Wie viele Menschen in Österreich seit Jahresbeginn assistierten Suizid in Anspruch genommen haben, ist unklar. Laut Gesundheitsministerium werden derzeit keine entsprechenden Daten gesammelt.
Voraussetzungen
Möglich ist sie nur bei erwachsenen, sterbenskranken Personen ohne Aussicht auf Besserung. Die Betroffenen müssen dazu in der Lage sein, diese Entscheidung selbst zu treffen, ohne Zwänge von außen. Eine ärztliche Aufklärung ist Pflicht. Sie muss von zwei Ärzten unabhängig voneinander geleistet werden. Erst nach 12 Wochen kann eine Sterbeverfügung in die Wege geleitet werden. Mit dieser Verfügung kann ein letales Präparat von der Apotheke besorgt werden.

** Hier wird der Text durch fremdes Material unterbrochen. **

lemma uniformly_small_perturbation:
  fixes \<psi> :: "'b::{real_normed_vector,heine_borel} \<Rightarrow> real"
  assumes "continuous_on UNIV \<psi>" "compact (p ` C)" "bounded (w ` C)" "e > 0"
  obtains t where "t > 0" "\<forall>x\<in>C. \<bar>\<psi> (p x + t *\<^sub>R w x) - \<psi> (p x)\<bar> < e"
proof -
  define N where "N = {a + b | a b. a \<in> p ` C \<and> b \<in> cball 0 1}"
  have "compact N" unfolding N_def by (rule compact_sums[OF assms(2) compact_cball])
  then have "uniformly_continuous_on N \<psi>"
    using compact_uniformly_continuous continuous_on_subset[OF assms(1)] by blast
  then obtain \<rho> where "\<rho> > 0" and \<rho>: "\<forall>a\<in>N. \<forall>b\<in>N. dist b a < \<rho> \<longrightarrow> dist (\<psi> b) (\<psi> a) < e"
    unfolding uniformly_continuous_on_def using assms(4) by blast
  obtain B where "B > 0" and B: "\<forall>x\<in>C. norm (w x) \<le> B"
    using assms(3) unfolding bounded_pos by blast
  define t where "t = min 1 \<rho> / (2 * B)"
  have "t > 0" using \<open>\<rho> > 0\<close> \<open>B > 0\<close> unfolding t_def by simp
  moreover have "\<bar>\<psi> (p x + t *\<^sub>R w x) - \<psi> (p x)\<bar> < e" if "x \<in> C" for x
  proof -
    have "norm (t *\<^sub>R w x) \<le> t * B"
      using B that \<open>t > 0\<close> by (simp add: mult_left_mono)
    also have "\<dots> = min 1 \<rho> / 2" using \<open>B > 0\<close> unfolding t_def by simp
    finally have small: "norm (t *\<^sub>R w x) \<le> min 1 \<rho> / 2" .
    have "p x \<in> N" unfolding N_def using that by force
    moreover have "p x + t *\<^sub>R w x \<in> N" unfolding N_def using that small by force
    moreover have "dist (p x + t *\<^sub>R w x) (p x) < \<rho>"
      using small \<open>\<rho> > 0\<close> by (simp add: dist_norm)
    ultimately show ?thesis using \<rho> by (simp add: dist_real_def)
  qed
  ultimately show ?thesis using that by blast
qed
(* Let $G$ be a (finite, simple) graph with $\operatorname{mad}(G) < 3$ and $\Delta(G) \leq 4$. Then $\chi'_{\mathrm{slist}}(G) \leq 3\Delta(G) + 1$.
   Context: $\Delta(G)$ denotes the maximum degree of $G$. The maximum average degree is $\operatorname{mad}(G) = \max_{H \subseteq G} \frac{2|E(H)|}{|V(H)|}$, the maximum over all (nonempty) subgraphs $H$ of $G$. A strong edge coloring of $G$ is an assignment of colors to the edges such that any two distinct edges $e_1 = uv$ and $e_2$ receive different colors whenever $e_2$ is incident with a vertex of $N_G(u) \cup N_G(v)$ (equivalently, a proper edge coloring in which every color class is an induced matching). A list assignment $L$ assigns to each edge $e$ a set $L(e)$ of colors; a strong edge coloring $c$ is an $L$-coloring if $c(e) \in L(e)$ for every edge $e$. The list strong chromatic index $\chi'_{\mathrm{slist}}(G)$ is the least $k$ such that for every list assignment $L$ with $|L(e)| \geq k$ for all edges $e$, $G$ has a strong edge $L$-coloring. *)

theory Defs
  imports Main "HOL-Library.Cardinality" Complex_Main
begin

definition simple_graph :: "'a set \<Rightarrow> 'a set set \<Rightarrow> bool" where
  "simple_graph V E \<longleftrightarrow> finite V \<and>
     (\<forall>e\<in>E. \<exists>u v. u \<noteq> v \<and> u \<in> V \<and> v \<in> V \<and> e = {u, v})"

definition neighbors :: "'a set set \<Rightarrow> 'a \<Rightarrow> 'a set" where
  "neighbors E v = {u. {u, v} \<in> E}"

definition degree :: "'a set set \<Rightarrow> 'a \<Rightarrow> nat" where
  "degree E v = card (neighbors E v)"

definition max_degree :: "'a set \<Rightarrow> 'a set set \<Rightarrow> nat" where
  "max_degree V E = Max (insert 0 (degree E ` V))"

definition subgraph :: "'a set \<Rightarrow> 'a set set \<Rightarrow> 'a set \<Rightarrow> 'a set set \<Rightarrow> bool" where
  "subgraph V' E' V E \<longleftrightarrow> V' \<subseteq> V \<and> E' \<subseteq> E \<and> (\<forall>e\<in>E'. e \<subseteq> V')"

definition mad :: "'a set \<Rightarrow> 'a set set \<Rightarrow> real" where
  "mad V E = Max {2 * real (card E') / real (card V') | V' E'.
                    subgraph V' E' V E \<and> V' \<noteq> {}}"

definition strong_edge_coloring :: "'a set set \<Rightarrow> ('a set \<Rightarrow> 'c) \<Rightarrow> bool" where
  "strong_edge_coloring E c \<longleftrightarrow>
     (\<forall>e1\<in>E. \<forall>e2\<in>E. e1 \<noteq> e2 \<and> (\<exists>x\<in>e1. \<exists>y\<in>e2. y \<in> neighbors E x) \<longrightarrow> c e1 \<noteq> c e2)"

definition L_coloring :: "'a set set \<Rightarrow> ('a set \<Rightarrow> 'c set) \<Rightarrow> ('a set \<Rightarrow> 'c) \<Rightarrow> bool" where
  "L_coloring E L c \<longleftrightarrow> (\<forall>e\<in>E. c e \<in> L e)"

text \<open>Colours are natural numbers; lists are finite
  (card of an infinite set is 0 in Isabelle, so infinite lists are excluded, which is
  harmless since any infinite list contains a finite sublist of size k).\<close>
definition strong_list_colorable :: "'a set set \<Rightarrow> nat \<Rightarrow> bool" where
  "strong_list_colorable E k \<longleftrightarrow>
     (\<forall>L :: 'a set \<Rightarrow> nat set. (\<forall>e\<in>E. finite (L e) \<and> k \<le> card (L e)) \<longrightarrow>
        (\<exists>c. strong_edge_coloring E c \<and> L_coloring E L c))"

definition list_strong_chromatic_index :: "'a set set \<Rightarrow> nat" where
  "list_strong_chromatic_index E = (LEAST k. strong_list_colorable E k)"

end

theory Submission
  imports Defs
begin
definition mdeg :: "monom \<Rightarrow> nat" where
  "mdeg m = (\<Sum>i\<in>Poly_Mapping.keys m. Poly_Mapping.lookup m i)"

definition Rn :: "nat \<Rightarrow> rpoly set" where
  "Rn n = {p. \<forall>m\<in>Poly_Mapping.keys p. Poly_Mapping.keys m \<subseteq> {..n}}"

definition homog :: "nat \<Rightarrow> nat \<Rightarrow> rpoly set" where
  "homog n d = {p. \<forall>m\<in>Poly_Mapping.keys p. Poly_Mapping.keys m \<subseteq> {..n} \<and> mdeg m = d}"

definition hcomp :: "nat \<Rightarrow> rpoly \<Rightarrow> rpoly" where
  "hcomp d f = (\<Sum>m\<in>{m\<in>Poly_Mapping.keys f. mdeg m = d}. Poly_Mapping.single m (Poly_Mapping.lookup f m))"

definition is_ideal :: "nat \<Rightarrow> rpoly set \<Rightarrow> bool" where
  "is_ideal n J \<longleftrightarrow> J \<subseteq> Rn n \<and> 0 \<in> J \<and> (\<forall>a\<in>J. \<forall>b\<in>J. a + b \<in> J)
      \<and> (\<forall>a\<in>J. \<forall>g\<in>Rn n. g * a \<in> J)"

definition hom_ideal :: "nat \<Rightarrow> rpoly set \<Rightarrow> bool" where
  "hom_ideal n J \<longleftrightarrow> is_ideal n J \<and> (\<forall>f\<in>J. \<forall>d. hcomp d f \<in> J)"

definition ideal_gen :: "nat \<Rightarrow> rpoly set \<Rightarrow> rpoly set" where
  "ideal_gen n S = \<Inter>{J. is_ideal n J \<and> S \<subseteq> J}"

text \<open>Saturation I : (x_0,...,x_n)^\<infinity> with respect to the irrelevant ideal.\<close>
definition sat :: "nat \<Rightarrow> rpoly set \<Rightarrow> rpoly set" where
  "sat n I = {f\<in>Rn n. \<exists>k. \<forall>g\<in>homog n k. g * f \<in> I}"

text \<open>A real closed subscheme Z of P^n, given by its ideal I(Z): a saturated homogeneous ideal.\<close>
definition closed_subscheme :: "nat \<Rightarrow> rpoly set \<Rightarrow> bool" where
  "closed_subscheme n I \<longleftrightarrow> hom_ideal n I \<and> sat n I = I"

definition ideal_sum :: "rpoly set \<Rightarrow> rpoly set \<Rightarrow> rpoly set" where
  "ideal_sum I J = {a + b |a b. a \<in> I \<and> b \<in> J}"

text \<open>Ideal of the scheme-theoretic intersection X \<inter> Y.\<close>
definition inter_ideal :: "nat \<Rightarrow> rpoly set \<Rightarrow> rpoly set \<Rightarrow> rpoly set" where
  "inter_ideal n I J = sat n (ideal_sum I J)"

text \<open>Ideal of Span(Z): generated by the linear forms in I(Z).\<close>
definition span_ideal :: "nat \<Rightarrow> rpoly set \<Rightarrow> rpoly set" where
  "span_ideal n I = sat n (ideal_gen n (I \<inter> homog n 1))"

text \<open>Linear functionals on R_2 in coordinates: L is a finitely supported vector of
  values on the degree-2 monomials, and pairing L p = L(p).\<close>
definition pairing :: "rpoly \<Rightarrow> rpoly \<Rightarrow> real" where
  "pairing L p = (\<Sum>m\<in>Poly_Mapping.keys p. Poly_Mapping.lookup p m * Poly_Mapping.lookup L m)"

text \<open>R[Z]_2^*, identified (via the dual of the quotient map R_2 \<rightarrow> R[Z]_2) with the
  linear functionals on R_2 vanishing on I(Z)_2.\<close>
definition quad_dual :: "nat \<Rightarrow> rpoly set \<Rightarrow> rpoly set" where
  "quad_dual n I = {L. (\<forall>m\<in>Poly_Mapping.keys L. Poly_Mapping.keys m \<subseteq> {..n} \<and> mdeg m = 2)
                       \<and> (\<forall>q\<in>I \<inter> homog n 2. pairing L q = 0)}"

text \<open>Preimage in R_2 of the cone \<Sigma>_Z of sums of squares of elements of R[Z]_1.\<close>
definition sos_cone :: "nat \<Rightarrow> rpoly set \<Rightarrow> rpoly set" where
  "sos_cone n I = {q\<in>homog n 2. \<exists>fs. set fs \<subseteq> homog n 1 \<and> q - (\<Sum>f\<leftarrow>fs. f * f) \<in> I}"

definition hankel :: "nat \<Rightarrow> rpoly set \<Rightarrow> rpoly set" where
  "hankel n I = {L\<in>quad_dual n I. \<forall>q\<in>sos_cone n I. pairing L q \<ge> 0}"

end

theory Submission
  imports Defs "HOL-Library.Function_Algebras"
begin

text \<open>A functional \<open>L\<close> on quadrics is recorded by its Gram matrix \<open>(L(x\<^sub>i x\<^sub>j))\<^sub>i\<^sub>j\<close>; it lies in
  \<open>\<Sigma>\<^sup>*\<^sub>Z\<close> iff this matrix is positive semidefinite and \<open>L\<close> vanishes on \<open>I(Z)\<^sub>2\<close>.
  The hypothesis makes every quadric of \<open>I(X) \<union> I(Y)\<close> vanish on the common real zeros \<open>W\<close> of the
  linear forms of \<open>X\<close> and \<open>Y\<close>, hence trace-orthogonal to every symmetric matrix whose columns lie
  in \<open>W\<close>.

  Given \<open>L \<in> \<Sigma>\<^sup>*\<^sub>X\<^sub>\<union>\<^sub>Y\<close>, \<open>L\<close> vanishes on \<open>I(X)\<^sub>2 \<inter> I(Y)\<^sub>2\<close>, so \<open>L = (L - M) + M\<close> with
  \<open>L - M \<bottom> I(X)\<^sub>2\<close> and \<open>M \<bottom> I(Y)\<^sub>2\<close>; then \<open>L - M\<close> kills the linear forms of \<open>X\<close> and \<open>M\<close> those
  of \<open>Y\<close>. Successive Schur complements of the Gram matrix \<open>G\<close> of \<open>L\<close> along the linear forms of \<open>Y\<close>
  split it into positive semidefinite parts \<open>(G - P) + P\<close>, where \<open>P\<close> kills the linear forms
  of \<open>Y\<close> and \<open>G - P\<close> those of \<open>X\<close>. Now \<open>P\<close> minus the Gram matrix of \<open>M\<close> has its columns in
  \<open>W\<close>, so \<open>P\<close> is the Gram matrix of a point of \<open>\<Sigma>\<^sup>*\<^sub>Y\<close> and \<open>G - P\<close> that of a point of \<open>\<Sigma>\<^sup>*\<^sub>X\<close>.
  The face property follows in the same way, since a point of \<open>\<Sigma>\<^sup>*\<^sub>X\<^sub>\<union>\<^sub>Y\<close> appearing in a strict
  convex combination landing in \<open>\<Sigma>\<^sup>*\<^sub>X\<close> has a Gram matrix killing the linear forms of \<open>X\<close>.\<close>

section \<open>Monomials and forms in coordinates\<close>

lemma lookup_minus_monom:
  "Poly_Mapping.lookup ((a::monom) - b) k = Poly_Mapping.lookup a k - Poly_Mapping.lookup b k"
  by transfer simp

lemma lookup_scaleR: "Poly_Mapping.lookup (c *\<^sub>R (p::rpoly)) m = c * Poly_Mapping.lookup p m"
  by (simp add: scaleR_poly_mapping_def)

lemma keys_scaleR: "Poly_Mapping.keys (c *\<^sub>R (p::rpoly)) \<subseteq> Poly_Mapping.keys p"
  by (auto simp: in_keys_iff lookup_scaleR)

lemma scaleR_conv_mult_single: "c *\<^sub>R (p::rpoly) = Poly_Mapping.single 0 c * p"
  by (rule poly_mapping_eqI)
    (simp add: mult_map_scale_conv_mult[symmetric] lookup_scaleR map.rep_eq when_def)

lemma mult_scaleR_left_rpoly: "(c *\<^sub>R (p::rpoly)) * q = c *\<^sub>R (p * q)"
  by (simp add: scaleR_conv_mult_single mult.assoc)

lemma mult_scaleR_right_rpoly: "(p::rpoly) * (c *\<^sub>R q) = c *\<^sub>R (p * q)"
  by (simp add: scaleR_conv_mult_single mult.left_commute)

lemma single_eq_single_iff:
  "Poly_Mapping.single i (k::nat) = Poly_Mapping.single j k \<longleftrightarrow> i = j \<or> k = 0"
  by (metis lookup_single_eq lookup_single_not_eq single_zero)

lemma single_scaleR: "c *\<^sub>R Poly_Mapping.single (m::monom) (1::real) = Poly_Mapping.single m c"
  by (rule poly_mapping_eqI) (simp add: lookup_scaleR lookup_single when_def)

lemma poly_mapping_sum_single:
  assumes "finite F" "Poly_Mapping.keys (p::'a \<Rightarrow>\<^sub>0 'b::comm_monoid_add) \<subseteq> F"
  shows "p = (\<Sum>m\<in>F. Poly_Mapping.single m (Poly_Mapping.lookup p m))"
proof (rule poly_mapping_eqI)
  fix k
  have "Poly_Mapping.lookup (\<Sum>m\<in>F. Poly_Mapping.single m (Poly_Mapping.lookup p m)) k
      = (\<Sum>m\<in>F. Poly_Mapping.lookup p m when m = k)"
    by (simp add: lookup_sum lookup_single)
  also have "\<dots> = Poly_Mapping.lookup p k"
    using assms by (cases "k \<in> F") (auto simp: when_def sum.delta in_keys_iff)
  finally show
    "Poly_Mapping.lookup p k = Poly_Mapping.lookup (\<Sum>m\<in>F. Poly_Mapping.single m (Poly_Mapping.lookup p m)) k"
    by simp
qed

„Der Leidensdruck ist das Wesentlichste“
Siegfried Pichelmann führt mit seiner Kollegin Katharina Kloimstein eine Hausarzt-Praxis in Oberösterreich. Pichelmann ist zudem Leiter der Abteilung Freitodhilfe der ÖGHL (Österreichische Gesellschaft für ein humanes Lebensende). Ein Interview.
KURIER: Herr Dr. Pichelmann, Sie führen selbst Begutachtungen von Personen durch, die einen assistierten Suizid durchführen wollen. Wie viele Personen haben sich bisher an Sie gewendet?
Siegfried Pichelmann: Ich habe mittlerweile sieben entsprechende Gutachten ausgestellt.
Gibt es genügend Ärzte, die sich dafür zur Verfügung stellen?
In Oberösterreich sind wir im niedrigen zweistelligen Bereich. In Wien und Kärnten dürfte das auch funktionieren. Aber zuletzt kam ein Patient aus Tirol zu mir, weil er in seinem Bundesland niemanden gefunden hat.
Was sind die Gründe dafür? Ethische Bedenken?
Es gab eine Umfrage unter Ärzten aus meinem Qualitätszirkel. Rausgekommen ist, dass ein Drittel dazu bereit wäre. Aber viele haben sich damit noch gar nicht auseinandergesetzt. Manchen ist auch das Rundherum zu umständlich.
Hatten Sie auch Fälle, wo Sie den Wunsch einer sterbewilligen Person abgelehnt haben?
Ja, einmal.
Worauf achten Sie bei diesen Gesprächen?
Die Entscheidungsfähigkeit ist ein wichtiger Punkt. Und der Wunsch muss schon lange bestehen. Man sollte auch einen gewissen Plan haben, wie man das machen will. Der Leidensdruck der Menschen ist für mich aber das Wesentlichste. Ich habe höchsten Respekt vor diesen Leuten. Sie haben sich im Vorfeld lange damit auseinandergesetzt.
Es gab im Vorfeld die Befürchtung, dass Betroffene von Angehörigen dazu gedrängt werden könnten. Hatten Sie jemals den Eindruck?
Nein, im Gegenteil.
Ein Angehöriger beklagt, dass die Familie bei der Durchführung alleingelassen wurde.
Es wäre wichtig, dass da jemand dabei ist. Allein schon deshalb: Was ist, wenn der Patient das Medikament erbricht?